▶ Prompt: Would you restate word for word the lines of the listing, beginning at the first and ending with the line that holds "so evaluating the"?

▶ Given entries:
——————

definition T_ideal_gen :: "'a::field ncpoly set \<Rightarrow> 'a ncpoly set" where
  "T_ideal_gen S = \<Inter>{J. T_ideal J \<and> S \<subseteq> J}"

definition graded_UT2_eval :: "(gvar \<Rightarrow> 'a::field mat) \<Rightarrow> bool" where
  "graded_UT2_eval \<phi> \<longleftrightarrow> (\<forall>i.
      \<phi> (Y i) \<in> carrier_mat 2 2 \<and> \<phi> (Y i) $$ (0,1) = 0 \<and> \<phi> (Y i) $$ (1,0) = 0
    \<and> \<phi> (Z i) \<in> carrier_mat 2 2 \<and> \<phi> (Z i) $$ (0,0) = 0 \<and> \<phi> (Z i) $$ (1,0) = 0
    \<and> \<phi> (Z i) $$ (1,1) = 0)"

text \<open>Entry (i,j) of the evaluation of p (the Lie bracket of UT_2^(-) is ab-ba,
  so evaluating the Lie element inside the associative algebra is correct).\<close>
definition eval_UT2 :: "(gvar \<Rightarrow> 'a::field mat) \<Rightarrow> 'a ncpoly \<Rightarrow> nat \<Rightarrow> nat \<Rightarrow> 'a" where
  "eval_UT2 \<phi> p i j = (\<Sum>u\<in>{u. p u \<noteq> 0}.
      p u * (foldr (\<lambda>x acc. \<phi> x * acc) u (1\<^sub>m 2)) $$ (i,j))"

definition UT2_ids :: "'a::field ncpoly set" where
  "UT2_ids = {p \<in> lie_elems. \<forall>\<phi>. graded_UT2_eval \<phi> \<longrightarrow>
                 (\<forall>i<2. \<forall>j<2. eval_UT2 \<phi> p i j = 0)}"

text \<open>[z, a_1 y_1, ..., a_n y_n] with as = [a_1,...,a_n]; z = Z 0, y_k = Y (k-1).\<close>
definition comm_B :: "nat list \<Rightarrow> 'a::field ncpoly" where
  "comm_B as = foldl (\<lambda>p x. lie_br p (nc_var x)) (nc_var (Z 0))
      (concat (map (\<lambda>k. replicate (as ! k) (Y k)) [0..<length as]))"

definition in_B_seq :: "nat list \<Rightarrow> bool" where
  "in_B_seq as \<longleftrightarrow> as \<noteq> [] \<and> (\<forall>a\<in>set as. 0 < a)"

definition seq_le :: "nat list \<Rightarrow> nat list \<Rightarrow> bool" where
  "seq_le as bs \<longleftrightarrow> (\<exists>\<phi>::nat \<Rightarrow> nat. strict_mono_on {..<length as} \<phi> \<and>
      (\<forall>i<length as. \<phi> i < length bs \<and> as ! i \<le> bs ! (\<phi> i)))"

end

theory Submission
  imports Defs "HOL-Library.Multiset"
begin

text \<open>Let \<psi> be the strictly increasing map witnessing V_f \<le> V_g. The renaming
  y_k \<mapsto> y_{\<psi> k} is a graded substitution, so it maps f to
  [z, a_1 y_{\<psi> 1}, ..., a_n y_{\<psi> n}] inside the T-ideal, and bracketing further
  with the missing y's gives a commutator whose y's form the same multiset as those
  of g. In UT_2 a commutator [z, x_1, ..., x_r] with all x_i even evaluates to
  z_{12} \<prod> (x_i_{22} - x_i_{11}), independently of the order of the x_i, so this
  commutator agrees with g modulo I.\<close>

abbreviation finite_support :: "'a::comm_ring_1 ncpoly \<Rightarrow> bool" where
  "finite_support p \<equiv> finite {u. p u \<noteq> 0}"

definition nc_word :: "gvar list \<Rightarrow> 'a::comm_ring_1 ncpoly" where
  "nc_word u = (\<lambda>w. if w = u then 1 else 0)"

text \<open>Renaming substitutions and evaluations into UT_2 are both of the form lin_ext F,
  for a function F on words that is multiplicative with respect to concatenation.\<close>
definition lin_ext :: "(gvar list \<Rightarrow> 'a::comm_ring_1) \<Rightarrow> 'a ncpoly \<Rightarrow> 'a" where
  "lin_ext F p = (\<Sum>u\<in>{u. p u \<noteq> 0}. p u * F u)"

lemma lin_ext_superset:
  "finite A \<Longrightarrow> {u. p u \<noteq> 0} \<subseteq> A \<Longrightarrow> lin_ext F p = (\<Sum>u\<in>A. p u * F u)"
  unfolding lin_ext_def by (rule sum.mono_neutral_left) auto

lemma lin_ext_linear:
  assumes "finite_support p" "finite_support q"
  shows "lin_ext F (\<lambda>w. a * p w + b * q w) = a * lin_ext F p + b * lin_ext F q"
proof -
  let ?A = "{u. p u \<noteq> 0} \<union> {u. q u \<noteq> 0}"
  have fin: "finite ?A" using assms by auto
  have "lin_ext F (\<lambda>w. a * p w + b * q w) = (\<Sum>u\<in>?A. (a * p u + b * q u) * F u)"
    by (rule lin_ext_superset[OF fin]) auto
  also have "\<dots> = a * (\<Sum>u\<in>?A. p u * F u) + b * (\<Sum>u\<in>?A. q u * F u)"
    by (simp add: sum_distrib_left sum.distrib algebra_simps)
  also have "\<dots> = a * lin_ext F p + b * lin_ext F q"
    using lin_ext_superset[OF fin, of p F] lin_ext_superset[OF fin, of q F] by auto
  finally show ?thesis .
qed

lemma lin_ext_diff:
  "finite_support p \<Longrightarrow> finite_support q \<Longrightarrow>
    lin_ext F (\<lambda>w. p w - q w) = lin_ext F p - lin_ext F q"
  using lin_ext_linear[of p q F 1 "-1"] by simp

lemma support_nc_word: "{w. nc_word u w \<noteq> (0::'a::comm_ring_1)} = {u}"
  by (auto simp: nc_word_def)

lemma lin_ext_nc_word: "lin_ext F (nc_word u) = F u"
  by (simp add: lin_ext_def support_nc_word) (simp add: nc_word_def)

lemma nc_var_eq_nc_word: "nc_var x = nc_word [x]"
  by (simp add: nc_var_def nc_word_def fun_eq_iff)

lemma nc_one_eq_nc_word: "nc_one = nc_word []"
  by (simp add: nc_one_def nc_word_def fun_eq_iff)

lemma sum_split_points_eq:
  "(\<Sum>i\<le>length t. if take i t = u \<and> drop i t = v then c else 0) = (if u @ v = t then c else 0)"
proof -
  have split_iff: "(take i t = u \<and> drop i t = v) \<longleftrightarrow> (i = length u \<and> u @ v = t)"
    if "i \<le> length t" for i
    using that by auto
  have "(\<Sum>i\<le>length t. if take i t = u \<and> drop i t = v then c else 0)
      = (\<Sum>i\<le>length t. if i = length u then (if u @ v = t then c else 0) else 0)"
    by (rule sum.cong) (auto simp: split_iff)
  also have "\<dots> = (if u @ v = t then c else 0)"
    by (subst sum.delta) auto
  finally show ?thesis .
qed

lemma nc_mul_nc_word: "nc_mul (nc_word u) (nc_word v) = (nc_word (u @ v) :: 'a::comm_ring_1 ncpoly)"
proof
  fix t
  have "(nc_mul (nc_word u) (nc_word v) t :: 'a)
      = (\<Sum>i\<le>length t. if take i t = u \<and> drop i t = v then 1 else 0)"
    unfolding nc_mul_def nc_word_def by (rule sum.cong) auto
  then show "(nc_mul (nc_word u) (nc_word v) t :: 'a) = nc_word (u @ v) t"
    by (simp add: sum_split_points_eq nc_word_def)
qed

lemma nc_mul_eq_sum_pairs:
  assumes "finite A" "finite B" "{u. p u \<noteq> 0} \<subseteq> A" "{u. q u \<noteq> 0} \<subseteq> B"
  shows "nc_mul p q w = (\<Sum>x\<in>A \<times> B. if fst x @ snd x = w then p (fst x) * q (snd x) else 0)"
proof -
  have term_eq: "p (take i w) * q (drop i w)
      = (\<Sum>x\<in>A \<times> B. if take i w = fst x \<and> drop i w = snd x then p (fst x) * q (snd x) else 0)"
    for i
  proof -
    have "(\<Sum>x\<in>A \<times> B. if take i w = fst x \<and> drop i w = snd x then p (fst x) * q (snd x) else 0)
       = (\<Sum>x\<in>A \<times> B. if x = (take i w, drop i w) then p (fst x) * q (snd x) else 0)"
      by (rule sum.cong) auto
    also have "\<dots> = (if (take i w, drop i w) \<in> A \<times> B then p (take i w) * q (drop i w) else 0)"
      using assms by (subst sum.delta) auto
    also have "\<dots> = p (take i w) * q (drop i w)"
      using assms(3,4) by (auto simp: subset_iff) (metis mult_zero_left mult_zero_right)+
    finally show ?thesis by simp
  qed
  have "nc_mul p q w = (\<Sum>i\<le>length w. \<Sum>x\<in>A \<times> B.
      if take i w = fst x \<and> drop i w = snd x then p (fst x) * q (snd x) else 0)"
    unfolding nc_mul_def term_eq ..
  also have "\<dots> = (\<Sum>x\<in>A \<times> B. \<Sum>i\<le>length w.
      if take i w = fst x \<and> drop i w = snd x then p (fst x) * q (snd x) else 0)"
    by (rule sum.swap)
  also have "\<dots> = (\<Sum>x\<in>A \<times> B. if fst x @ snd x = w then p (fst x) * q (snd x) else 0)"
    by (simp only: sum_split_points_eq)
  finally show ?thesis .
qed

——————

▶ Task solution:
definition T_ideal_gen :: "'a::field ncpoly set \<Rightarrow> 'a ncpoly set" where
  "T_ideal_gen S = \<Inter>{J. T_ideal J \<and> S \<subseteq> J}"

definition graded_UT2_eval :: "(gvar \<Rightarrow> 'a::field mat) \<Rightarrow> bool" where
  "graded_UT2_eval \<phi> \<longleftrightarrow> (\<forall>i.
      \<phi> (Y i) \<in> carrier_mat 2 2 \<and> \<phi> (Y i) $$ (0,1) = 0 \<and> \<phi> (Y i) $$ (1,0) = 0
    \<and> \<phi> (Z i) \<in> carrier_mat 2 2 \<and> \<phi> (Z i) $$ (0,0) = 0 \<and> \<phi> (Z i) $$ (1,0) = 0
    \<and> \<phi> (Z i) $$ (1,1) = 0)"

text \<open>Entry (i,j) of the evaluation of p (the Lie bracket of UT_2^(-) is ab-ba,
  so evaluating the Lie element inside the associative algebra is correct).\<close>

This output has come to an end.